司机大叔一个愣神,差点撞上栏杆,他疯狂把住方向盘,这才避免事故发生。
宋苒此时抓紧了车顶上方的扶手,缓缓出声:“放心,我从来不伤好人,只杀坏人。”
司机大叔的心脏高高悬起,压下心惊,“你、你你杀过哪些坏人?”
可能是平静生活过习惯了,宋苒回忆以前,记忆稍有些褪色了。
“我想想......”
宋槿姝一震,抬眸望去,正见宋苒在低头看沙盘。
“她不会也是来看房子的吧!我们过去看看。”
宋槿姝刚回神就被赵云妍拉着过去。
动静太大,宋苒抬头看了过来。
她不得已露出一抹笑,“姐姐。”
宋苒神色平淡,微点头:“嗯。”
接待人员讲解的话被打岔,只是愣了下便继续:“女士,这片房区比较符合您的要求,上下两层是一套,可以改装......”
“御园!”
赵云妍一声惊呼,打断了接待人员的话。
她盯着那块印着“御园”金色的牌子,嗤笑一声:“御园的房价二十万一平米,你看的这套上下两层加起来一千平米,两个亿,你买得起吗?在这充什么大款呢,浪费别人的时间。”
宋槿姝瞬间变了脸色,嗔怒:“云妍,你说什么呢?”
赵云妍撇了撇嘴,“我有说错吗?她一个乡下长大的村姑,哪来的钱买这么贵的房子?你不是说她只有五千万的嫁妆吗,都两年了,肯定早就花光了。”
宋槿姝瞬间红温,下意识看向宋苒,解释:“对不起姐姐,我、我不是故意......”
“你怕她做什么?她是不是经常欺负你?”
赵云妍一把将宋槿姝拽到身后,“齐昊,你护好我室友。”
齐昊收回落在宋苒身上的目光,一把圈住宋槿姝的肩膀,冲赵云妍道:“放心宝宝,我不会让任何人欺负你们的。”
那女生的眼神过于冷冽,一看就不好惹。
还是宋槿姝这种小白兔好接近。
宋槿姝想躲开,齐昊却死死扣住她,温柔地安慰:“乖一点,我女朋友在替你出头呢。”
宋槿姝挣脱不开,气红了眼。
她没想到齐昊会这么胆大,当着赵云妍的面也敢占她便宜。
“宋苒,我表姐和北煜哥是真心相爱的,他们不计较你骗婚,还给你七个亿的补偿,识相点就乖乖离婚,拿上天价赔偿滚回你的乡下!”
赵云妍妆容精致,踩着小高跟才勉强和宋苒在一个水平线上。
她双手叉腰,眼睛瞪得溜圆,声音大得好似她才是有理的一方。
宋苒轻笑一声,眼帘微垂,睫毛投下一片阴影,“我当谁这么理直气壮,原来是小三的表妹,苏月知道有你这么一条忠心的狗吗?”
被这番话羞辱到,赵云妍表情扭曲:“你什么意思?”
“字面意思。”
赵云妍咬牙,想到什么后恍然大悟,“我知道了,你不是来买房的,是来钓男人的吧!”
她看向周围,指着宋苒大声囔囔:“大家都看看,这人是诈骗犯,靠骗婚拿高价彩礼和赔偿。
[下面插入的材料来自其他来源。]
lemma inner_E_zero_left [simp]: "inner_E n 0 y = 0"
  unfolding inner_E_def by simp

lemma inner_E_zero_right [simp]: "inner_E n y 0 = 0"
  unfolding inner_E_def by simp

lemma inner_E_add_left: "inner_E n (x + y) z = inner_E n x z + inner_E n y z"
  unfolding inner_E_def by (simp add: sum.distrib distrib_right)

lemma inner_E_add_right: "inner_E n z (x + y) = inner_E n z x + inner_E n z y"
  by (metis inner_E_commute inner_E_add_left)

lemma inner_E_diff_right: "inner_E n z (x - y) = inner_E n z x - inner_E n z y"
  unfolding inner_E_def by (simp add: sum_subtractf right_diff_distrib)

lemma inner_E_scale_left: "inner_E n (scaleF3 a x) y = a * inner_E n x y"
  unfolding inner_E_def by (simp add: sum_distrib_left mult.assoc scaleF3_apply)

lemma inner_E_scale_right: "inner_E n y (scaleF3 a x) = a * inner_E n y x"
  by (metis inner_E_commute inner_E_scale_left)

lemma inner_E_eq_if_F3n:
  assumes "x \<in> F3n m" "m \<le> n"
  shows "inner_E m x y = inner_E n x y"
  unfolding inner_E_def
  by (rule sum.mono_neutral_cong_left) (use assms in \<open>auto simp: F3n_def\<close>)

lemma wt_eq_if_F3n:
  assumes "x \<in> F3n m" "m \<le> n"
  shows "wt m x = wt n x"
proof -
  have "{i. i < m \<and> x i \<noteq> 0} = {i. i < n \<and> x i \<noteq> 0}"
    using assms by (auto simp: F3n_def) (meson not_le)
  then show ?thesis
    unfolding wt_def by simp
qed

definition nondegenerate :: "nat \<Rightarrow> (nat \<Rightarrow> F3) set \<Rightarrow> bool" where
  "nondegenerate n S \<longleftrightarrow> (\<forall>x\<in>S. (\<forall>y\<in>S. inner_E n x y = 0) \<longrightarrow> x = 0)"

lemma LCD_code_iff_nondegenerate: "LCD_code n k C \<longleftrightarrow> linear_code n k C \<and> nondegenerate n C"
proof -
  have "C \<inter> dual_E n C = {0} \<longleftrightarrow> nondegenerate n C"
    if "C \<subseteq> F3n n" "0 \<in> C" for C
    using that by (auto simp: dual_E_def nondegenerate_def inner_E_commute)
  then show ?thesis
    unfolding LCD_code_def linear_code_def using F3vs.subspace_0 by blast
qed


lemma finite_F3n: "finite (F3n n)"
proof (rule finite_subset)
  show "F3n n \<subseteq> {f. \<forall>i. (i \<in> {..<n} \<longrightarrow> f i \<in> UNIV) \<and> (i \<notin> {..<n} \<longrightarrow> f i = 0)}"
    by (auto simp: F3n_def)
  show "finite {f::nat \<Rightarrow> F3. \<forall>i. (i \<in> {..<n} \<longrightarrow> f i \<in> UNIV) \<and> (i \<notin> {..<n} \<longrightarrow> f i = 0)}"
    by (rule finite_set_of_finite_funs) auto
qed

lemma F3vs_dim_insert:
  assumes "finite S" "x \<notin> F3vs.span S"
  shows "F3vs.dim (insert x S) = F3vs.dim S + 1"
proof -
  obtain B where B: "B \<subseteq> S" "F3vs.independent B" "S \<subseteq> F3vs.span B" "card B = F3vs.dim S"
    using F3vs.basis_exists by blast
  have "finite B"
    using B(1) assms(1) finite_subset by blast
  have "F3vs.span B = F3vs.span S"
    using B(1,3) by (metis F3vs.span_eq F3vs.span_superset subset_trans)
  have "x \<notin> B"
    using assms(2) B(1) F3vs.span_superset by blast
  show ?thesis
  proof (rule F3vs.dim_unique[of "insert x B"])
    show "insert x B \<subseteq> insert x S"
      using B(1) by blast
    show "insert x S \<subseteq> F3vs.span (insert x B)"
      using B(3) F3vs.span_mono[of B "insert x B"] F3vs.span_superset[of "insert x B"] by blast
    show "F3vs.independent (insert x B)"
      using B(2) assms(2) \<open>F3vs.span B = F3vs.span S\<close> by (intro F3vs.independent_insertI) auto
    show "card (insert x B) = F3vs.dim S + 1"
      using \<open>finite B\<close> \<open>x \<notin> B\<close> B(4) by simp
  qed
qed

lemma F3vs_subset_zero_if_dim_eq_0:
  assumes "finite S" "F3vs.dim S = 0"
  shows "S \<subseteq> {0}"
proof -
  obtain B where B: "B \<subseteq> S" "F3vs.independent B" "S \<subseteq> F3vs.span B" "card B = F3vs.dim S"
    using F3vs.basis_exists by blast
  have "finite B"
    using B(1) assms(1) finite_subset by blast
  then have "B = {}"
    using B(4) assms(2) by simp
  then show ?thesis
    using B(3) by simp
qed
”
被动静吸引的客人不少,大家均看向这边。
“靠身体骗钱的女人,不知道被多少人睡过,一个破鞋,指不定都染病——”
啪!!
宋苒给了她一耳光。
周围彻底安静下来,没有人出声。
脸颊火辣辣的,赵云妍瞪大眼,气得浑身颤抖,“你敢打我?”
“打你需要挑时间?”
“啊啊啊啊!贱人,我杀了你!”
她发狂地冲了过来。
宋苒一个侧身躲开,赵云妍差点撞在桌上,接待人员眼疾手快地扶住她。
“你放开我。”
宋槿姝不想两人闹大,想挣脱齐昊的桎梏去拦人。
齐昊见赵云妍一脸凶狠地盯着宋苒,注意不到这边,眼中染上隐晦的亮色。
他的手却朝宋槿姝的胸口袭去。
宋槿姝察觉危险,神色霎变,手挡在胸前,“你做什么?”
宋苒正好看到这一幕,在宋槿姝挣脱的一瞬间,一脚踹了出去。
嘭——
齐昊飞了出去。
狠狠地砸在地上,颠簸两下,滑出一米远。
看戏的客人们惊呆了。
因惯性被带着往后退、好不容易稳住身形的宋槿姝愣住了。
赵云妍看到这一幕,尖叫一声,再次冲着宋苒而去。
她做了美甲,指尖又细又长,若被抓了脸,得毁容。
宋槿姝下意识伸手拦她,“赵云妍,你别冲动。”
赵云妍心中冒着火气,什么都听不进去,胳膊肘狠狠往后一拐。
“啊——”
宋槿姝被甩开,额头砸在桌角处,瞬间见了血。
宋苒抽空看了眼,偏头躲过赵云妍的手,一脚踹在她腿弯处。
赵云妍跪在了地上。
保安赶到,混乱的现场控制住。
救护车到达,四人都去了医院。
病房内,宋槿姝额上包着纱布,脸色苍白地躺着。
宋苒坐在旁边,把玩着手机。
外面,赵云妍慌张失措,嘟囔着:“怎么办?宋家那么宠爱宋槿姝,我害她受伤,他们定不会饶了我。”
上救护车前,宋苒给宋淮打了电话。
齐昊的肚子还在隐隐作痛,透过玻璃,他阴毒地看了宋苒一眼,道:“你等在外面,宋家人一来,你先......”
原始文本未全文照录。